Our sight-seeing in Hua Hin has included a visit to a mangrove swamp in a national park. Poe drove us out there last week. It's a demonstration project by the government to show the environmental necessity of these filtering systems. Poe was appalled when we got there to find that the swamp next to the park had been drained by developers. It's the ongoing Florida-ization of Thailand, and a price will be paid. (In the late '70s, unrestricted logging led to floods in Thailand that killed tens of thousands; logging was halted way too belatedly.)
Yesterday we hired a tuk-tuk---a big, motorized, filth-belching rickshaw---and went out to the "monkey mountain" just before sunset.

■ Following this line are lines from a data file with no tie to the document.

lemma offset_above_image_Psub:
  assumes "mono h" "I \<in> Psub N x y" "l \<le> y"
    and "\<And>z. l' \<le> h z \<longleftrightarrow> l \<le> z"
    and "\<And>m. l \<le> m \<Longrightarrow> m \<le> N \<Longrightarrow> \<theta> ! (m - l) = h m - l'"
  shows "\<theta> ! offset_above l I = offset_above l' (h ` I)"
  using assms Psub_finite[OF assms(2)]
  by (intro offset_above_image[where y = y]) (auto simp: mem_Psub_iff)

lemma DW_cof_gen_columns:
  assumes "i \<le> n" "0 < l" "l \<le> y"
  shows "list_all2 (\<lambda>\<theta> l'. \<forall>I\<in>Psub (n - 1) x y.
      \<theta> ! offset_above l I = offset_above l' (cof_map i ` I))
    (DW_cof_gen n i l) (rev [Suc (cof_map i (l - 1))..<Suc (cof_map i l)])"
proof -
  consider "l < i" | "l = i" | "i < l" by linarith
  then show ?thesis
  proof cases
    case 1
    then have "DW_cof_gen n i l = [ldel (i - l) (topsimp (n - l))]"
      "rev [Suc (cof_map i (l - 1))..<Suc (cof_map i l)] = [l]"
      using assms by (auto simp: DW_cof_gen_def cof_map_def)
    then show ?thesis using 1 assms
      by (auto intro!: offset_above_image_Psub[OF mono_cof_map])
        (auto simp: cof_map_def topsimp_def nth_ldel_upt split: if_splits simp del: upt_Suc)
  next
    case 2
    then have "DW_cof_gen n i l = [topsimp (n - Suc i), ldel 0 (topsimp (n - i))]"
      "rev [Suc (cof_map i (l - 1))..<Suc (cof_map i l)] = [Suc i, i]"
      using assms by (auto simp: DW_cof_gen_def cof_map_def)
    then show ?thesis using 2 assms
      by (auto intro!: offset_above_image_Psub[OF mono_cof_map])
        (auto simp: cof_map_def topsimp_def nth_ldel_upt split: if_splits simp del: upt_Suc)
  next
    case 3
    then have "DW_cof_gen n i l = [topsimp (n - Suc l)]"
      "rev [Suc (cof_map i (l - 1))..<Suc (cof_map i l)] = [Suc l]"
      using assms by (auto simp: DW_cof_gen_def cof_map_def)
    then show ?thesis using 3 assms
      by (auto intro!: offset_above_image_Psub[OF mono_cof_map])
        (auto simp: cof_map_def topsimp_def split: if_splits simp del: upt_Suc)
  qed
qed

lemma DW_cod_gen_columns:
  assumes "i \<le> n" "0 < l" "l \<le> y"
  shows "list_all2 (\<lambda>\<theta> l'. \<forall>I\<in>Psub (Suc n) x y.
      \<theta> ! offset_above l I = offset_above l' (codeg_map i ` I))
    (DW_cod_gen n i l) (rev [Suc (codeg_map i (l - 1))..<Suc (codeg_map i l)])"
proof -
  consider "l \<le> i" | "l = Suc i" | "Suc i < l" by linarith
  then show ?thesis
  proof cases
    case 1
    then have "DW_cod_gen n i l = [ldup (i - l) (topsimp (n - l))]"
      "rev [Suc (codeg_map i (l - 1))..<Suc (codeg_map i l)] = [l]"
      using assms by (auto simp: DW_cod_gen_def codeg_map_def)
    then show ?thesis using 1 assms
      by (auto intro!: offset_above_image_Psub[OF mono_codeg_map])
        (auto simp: codeg_map_def topsimp_def nth_ldup_upt split: if_splits simp del: upt_Suc)
  next
    case 2
    then show ?thesis by (simp add: DW_cod_gen_def codeg_map_def)
  next
    case 3
    then obtain m where "l = Suc (Suc m)" by (auto dest: less_imp_Suc_add)
    with 3 have "DW_cod_gen n i l = [topsimp (n - (l - 1))]"
      "rev [Suc (codeg_map i (l - 1))..<Suc (codeg_map i l)] = [l - 1]"
      by (auto simp: DW_cod_gen_def codeg_map_def)
    then show ?thesis using 3 assms
      by (auto intro!: offset_above_image_Psub[OF mono_codeg_map])
        (auto simp: codeg_map_def topsimp_def split: if_splits simp del: upt_Suc)
  qed
qed

lemma phi_arrow_cof:
  assumes "i \<le> n" "f \<in> Ct_hom (n - 1) x y k"
  shows "phi_arrow (cof_map i x) (cof_map i y) (map ((`) (cof_map i)) f)
    = free_ext (DW_cof_gen n i) y (phi_arrow x y f)"
proof (rule phi_arrow_image[OF mono_cof_map])
  show "x \<le> y" using Ct_hom_bounds[OF assms(2)] by simp
  have "set f \<subseteq> Psub (n - 1) x y" using assms(2) by (simp add: mem_Ct_hom_iff)
  then show "list_all2 (\<lambda>\<theta> l'. \<forall>I\<in>set f. \<theta> ! offset_above l I = offset_above l' (cof_map i ` I))
      (DW_cof_gen n i l) (rev [Suc (cof_map i (l - 1))..<Suc (cof_map i l)])"
    if "x < l" "l \<le> y" for l
  proof -
    from that have "0 < l" by simp
    from DW_cof_gen_columns[OF assms(1) this \<open>l \<le> y\<close>, of x] show ?thesis
      by (rule list_all2_mono) (use \<open>set f \<subseteq> Psub (n - 1) x y\<close> in blast)
  qed
qed

lemma phi_arrow_codeg:
  assumes "i \<le> n" "f \<in> Ct_hom (Suc n) x y k"
  shows "phi_arrow (codeg_map i x) (codeg_map i y) (map ((`) (codeg_map i)) f)
    = free_ext (DW_cod_gen n i) y (phi_arrow x y f)"
proof (rule phi_arrow_image[OF mono_codeg_map])
  show "x \<le> y" using Ct_hom_bounds[OF assms(2)] by simp
  have "set f \<subseteq> Psub (Suc n) x y" using assms(2) by (simp add: mem_Ct_hom_iff)
  then show "list_all2 (\<lambda>\<theta> l'. \<forall>I\<in>set f. \<theta> ! offset_above l I = offset_above l' (codeg_map i ` I))
      (DW_cod_gen n i l) (rev [Suc (codeg_map i (l - 1))..<Suc (codeg_map i l)])"
    if "x < l" "l \<le> y" for l
  proof -
    from that have "0 < l" by simp
    from DW_cod_gen_columns[OF assms(1) this \<open>l \<le> y\<close>, of x] show ?thesis
      by (rule list_all2_mono) (use \<open>set f \<subseteq> Psub (Suc n) x y\<close> in blast)
  qed
qed

lemma phi_arrow_cosimp_morphism: "cosimp_morphism Ctilde DWbar (\<lambda>n x. x) (\<lambda>n. phi_arrow)"
  unfolding cosimp_morphism_def sfun_agree_def
  by (simp add: Ctilde_def DWbar_def phi_arrow_sfunctor, simp add: Ct_def phi_arrow_cof phi_arrow_codeg)

section \<open>Uniqueness\<close>

context
  fixes Qo :: "nat \<Rightarrow> nat \<Rightarrow> nat"
    and Qa :: "nat \<Rightarrow> nat \<Rightarrow> nat \<Rightarrow> nat set list \<Rightarrow> nat list list"
  assumes morphism: "cosimp_morphism Ctilde DWbar Qo Qa"
    and identity_on_objects: "\<forall>n. \<forall>x\<in>sObj (cLev Ctilde n). Qo n x = x"
begin

lemma Qo_eq: "x \<le> n \<Longrightarrow> Qo n x = x"
  using identity_on_objects by (simp add: Ctilde_def Ct_def)

lemma Q_sfunctor: "sfunctor (Ct n) (DWcat n) (Qo n) (Qa n)"
  using morphism by (simp add: cosimp_morphism_def Ctilde_def DWbar_def)

lemma Qa_in_DW_hom: "f \<in> Ct_hom n x y k \<Longrightarrow> Qa n x y f \<in> DW_hom n x y k"
  using sfunctor_hom[OF Q_sfunctor, of x n y f k] Ct_hom_bounds[of f n x y k]
  by (simp add: Ct_def DWcat_def Qo_eq)

lemma Qa_cof:
  assumes "1 \<le> n" "i \<le> n" "f \<in> Ct_hom (n - 1) x y k"
  shows "Qa n (cof_map i x) (cof_map i y) (map ((`) (cof_map i)) f)
    = free_ext (DW_cof_gen n i) y (Qa (n - 1) x y f)"
proof -
  have "sfun_agree (Ct (n - 1))
          (\<lambda>x. Qo n (cof_map i x))
          (\<lambda>x y f. Qa n (cof_map i x) (cof_map i y) (map ((`) (cof_map i)) f))
          (\<lambda>x. cof_map i (Qo (n - 1) x))
          (\<lambda>x y f. free_ext (DW_cof_gen n i) (Qo (n - 1) y) (Qa (n - 1) x y f))"
    using morphism assms(1,2) by (simp add: cosimp_morphism_def Ctilde_def DWbar_def)
  then show ?thesis
    using assms(3) Ct_hom_bounds[OF assms(3)] Qo_eq[of y "n - 1"]
    by (auto simp: sfun_agree_def Ct_def)
qed

lemma Qa_edge: "a < b \<Longrightarrow> b \<le> n \<Longrightarrow> Qa n a b [{a, b}] = phi_arrow a b [{a, b}]"
proof (induction n arbitrary: a b)
  case (Suc n)
  have edge: "[{a, b}] \<in> Ct_hom (Suc n) a b 0"
    using Suc.prems by (simp add: singleton_in_Ct_hom edge_in_Psub)
  show ?case
  proof (cases "n = 0")
    case True
    then have "a = 0" "b = 1" using Suc.prems by auto
    then show ?thesis
      using Qa_in_DW_hom[OF edge] phi_arrow_in_DW_hom[OF edge] True DW_hom_1_0_1_0 by simp
  next
    case False
    define i where "i = (if 0 < a then 0 else if b < Suc n then Suc n else 1)"
      \<comment> \<open>a vertex of [Suc n] other than a and b\<close>
    have i: "i \<le> Suc n" "a \<noteq> i" "b \<noteq> i" using Suc.prems False unfolding i_def by auto
    define a' b' where "a' = codeg_map i a" and "b' = codeg_map i b"
    have a: "cof_map i a' = a" and b: "cof_map i b' = b"
      using i cof_map_codeg_map unfolding a'_def b'_def by auto
    have "a' < b'"
      using mono_cof_map[of i] Suc.prems unfolding a[symmetric] b[symmetric]
      by (meson monoD not_le)
    moreover have "b' \<le> n" using i Suc.prems unfolding b'_def codeg_map_def by auto
    ultimately have edge': "[{a', b'}] \<in> Ct_hom n a' b' 0"
      by (simp add: singleton_in_Ct_hom edge_in_Psub)
    have image: "map ((`) (cof_map i)) [{a', b'}] = [{a, b}]" using a b by simp
    have "Qa (Suc n) a b [{a, b}] = free_ext (DW_cof_gen (Suc n) i) b' (Qa n a' b' [{a', b'}])"
      using Qa_cof[of "Suc n" i "[{a', b'}]" a' b' 0] edge' i a b image by simp
    also have "\<dots> = free_ext (DW_cof_gen (Suc n) i) b' (phi_arrow a' b' [{a', b'}])"
      using Suc.IH \<open>a' < b'\<close> \<open>b' \<le> n\<close> by simp
    also have "\<dots> = phi_arrow a b [{a, b}]"
      using phi_arrow_cof[of i "Suc n" "[{a', b'}]" a' b' 0] edge' i a b image by simp
    finally show ?thesis .
  qed
qed simp

lemma Qa_vertex: "I \<in> Psub n x y \<Longrightarrow> Qa n x y [I] = phi_arrow x y [I]"
proof (induction y arbitrary: I rule: less_induct)
  case (less y)
  have I: "x \<in> I" "y \<in> I" "I \<subseteq> {x..y}" "y \<le> n" using less.prems by (simp_all add: mem_Psub_iff)
  show ?case
  proof (cases "x = y")
    case True
    then have "[I] = sId (Ct n) x 0" using I by (auto simp: Ct_def)
    then have "Qa n x y [I] = []"
      using sfunctor_id[OF Q_sfunctor[of n], of x 0] I True by (simp add: Ct_def DWcat_def)
    then show ?thesis using True by (simp add: phi_arrow_id)
  next
    case False
    define y' where "y' = Max (I - {y})"
    have fin: "finite (I - {y})" using I by (meson finite_Diff finite_atLeastAtMost finite_subset)
    have "x \<in> I - {y}" using I False by auto
    then have y': "y' \<in> I - {y}" "x \<le> y'" and above: "\<forall>z\<in>I - {y}. z \<le> y'"
      using fin Max_in[OF fin] Max_ge[OF fin] unfolding y'_def by blast+
    then have "y' < y" using I by fastforce
    have "I - {y} \<subseteq> {x..y'}" using I(3) above by fastforce
    then have rest: "I - {y} \<in> Psub n x y'"
      using \<open>x \<in> I - {y}\<close> y' \<open>y' < y\<close> I(4) by (simp add: mem_Psub_iff)
    have split: "I = {y', y} \<union> (I - {y})" using y' I by auto
    have edge: "{y', y} \<in> Psub n y' y" using \<open>y' < y\<close> I by (simp add: edge_in_Psub)
    have objs: "x \<in> sObj (Ct n)" "y' \<in> sObj (Ct n)" "y \<in> sObj (Ct n)"
      using I \<open>y' < y\<close> \<open>x \<le> y'\<close> by (auto simp: Ct_def)
    have homs: "[I - {y}] \<in> sHom (Ct n) x y' 0" "[{y', y}] \<in> sHom (Ct n) y' y 0"
      using singleton_in_Ct_hom[OF rest] singleton_in_Ct_hom[OF edge] by (simp_all add: Ct_def)
    have "Qa n x y [I] = Qa n x y (sComp (Ct n) x y' y [{y', y}] [I - {y}])"
      using split by (simp add: Ct_def)
    also have "\<dots> = Qa n y' y [{y', y}] @ Qa n x y' [I - {y}]"
      using sfunctor_comp[OF Q_sfunctor objs homs] by (simp add: DWcat_def)
    also have "\<dots> = phi_arrow y' y [{y', y}] @ phi_arrow x y' [I - {y}]"
      using Qa_edge[OF \<open>y' < y\<close> \<open>y \<le> n\<close>] less.IH[OF \<open>y' < y\<close> rest] by simp
    also have "\<dots> = phi_arrow x y [I]"
      using phi_arrow_comp[OF singleton_in_Ct_hom[OF rest] singleton_in_Ct_hom[OF edge]] split
      by simp
    finally show ?thesis .
  qed
qed

lemma Qa_eq_phi_arrow: "f \<in> Ct_hom n x y k \<Longrightarrow> Qa n x y f = phi_arrow x y f"
proof (induction k arbitrary: f)
  case 0
  then obtain I where "f = [I]" "I \<in> Psub n x y"
    by (auto simp: mem_Ct_hom_iff length_Suc_conv)
  then show ?case by (simp add: Qa_vertex)
next
  case (Suc k)
  have objs: "x \<in> sObj (Ct n)" "y \<in> sObj (Ct n)" and hom: "f \<in> sHom (Ct n) x y (Suc k)"
    using Ct_hom_bounds[OF Suc.prems] Suc.prems by (auto simp: Ct_def)
  have face: "Qa n x y (ldel j f) = map (ldel j) (Qa n x y f)" if "j \<le> Suc k" for j
    using sfunctor_face[OF Q_sfunctor objs hom that] by (simp add: Ct_def DWcat_def)
  have "map (ldel j) (Qa n x y f) = map (ldel j) (phi_arrow x y f)" if "j \<le> Suc k" for j
    using face[OF that] Suc.IH[OF ldel_in_Ct_hom[OF Suc.prems that]] phi_arrow_face by simp
  then show ?case
    by (intro DW_hom_eqI[OF Qa_in_DW_hom[OF Suc.prems] phi_arrow_in_DW_hom[OF Suc.prems]]) simp_all
qed

end

theorem proposition3p3:
  shows "\<exists>Po Pa.
     (cosimp_morphism Ctilde DWbar Po Pa \<and> (\<forall>n. \<forall>x\<in>sObj (cLev Ctilde n). Po n x = x)) \<and>
     (\<forall>Qo Qa. cosimp_morphism Ctilde DWbar Qo Qa \<and> (\<forall>n. \<forall>x\<in>sObj (cLev Ctilde n). Qo n x = x)
        \<longrightarrow> (\<forall>n. sfun_agree (cLev Ctilde n) (Po n) (Pa n) (Qo n) (Qa n)))"
proof (intro exI conjI allI impI)
  show "cosimp_morphism Ctilde DWbar (\<lambda>n x. x) (\<lambda>n. phi_arrow)"
    by (rule phi_arrow_cosimp_morphism)
  fix n
  show "\<forall>x\<in>sObj (cLev Ctilde n). x = x" by simp
next
  fix Qo Qa n
  assume "cosimp_morphism Ctilde DWbar Qo Qa \<and> (\<forall>n. \<forall>x\<in>sObj (cLev Ctilde n). Qo n x = x)"
  then show "sfun_agree (cLev Ctilde n) (\<lambda>x. x) phi_arrow (Qo n) (Qa n)"
    using Qo_eq Qa_eq_phi_arrow by (auto simp: sfun_agree_def Ctilde_def Ct_def)
qed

This is a high hill on the outskirts of town topped by a Buddhist shrine and inhabited by (a) rather enervated gray monkeys and (b) vendors.
Nothing in Thailand seems to have gone unexploited for the tourist dollar. I'm reading Ian Buruma's keen and flavorsome "God's Dust," reportage on East and SE Asia in the late '80s. He was here during the government's Year of the Tourist, when Thais were instructed to "smile a while." Every conceivable feature of Thai life was seen as a potential tourist attraction---temples, ceremonies, holidays. When the old walled city of Chiang Mai began drawing visitors, other walled towns were urged to put up hotels and restaurants. One town constructed a fake wall.
The Hua Hin locals always hope their favorite haunts won't be discovered by the tourists. Poe and Simon took us to a restaurant outside of town that was down a dark, dusty road between a canal and the railway line. I asked, "Have you brought us out here to murder us?" Soon, however, we parked and crossed a rickety foot bridge over the canal to a delightful assemblage of small, open-sided thatched huts. Each dining party had its own hut. Highlights: fried morning glory vines (nobody's morning glories will be safe when Joe and I get back to the Berkshires) and a luscious duck-pattie salad.
Tomorrow we'll have been in Bin Hua for a week, and we'll head north. This has been a perfect place to regroup from jet lag and from our five days in Bangkok of temples and the strains and pleasures of Thai city life. We'll take a morning bus to Bangkok, then the overnight train to Chiang Mai. (Yesterday a bad train crash near Hua Bin killed three and injured many. Simon advised us to take a car near the center of our train, in case it is struck from either the front or the rear. Poe is always bemused by these farang-to-farang admonitions. More on these two lovely people later.)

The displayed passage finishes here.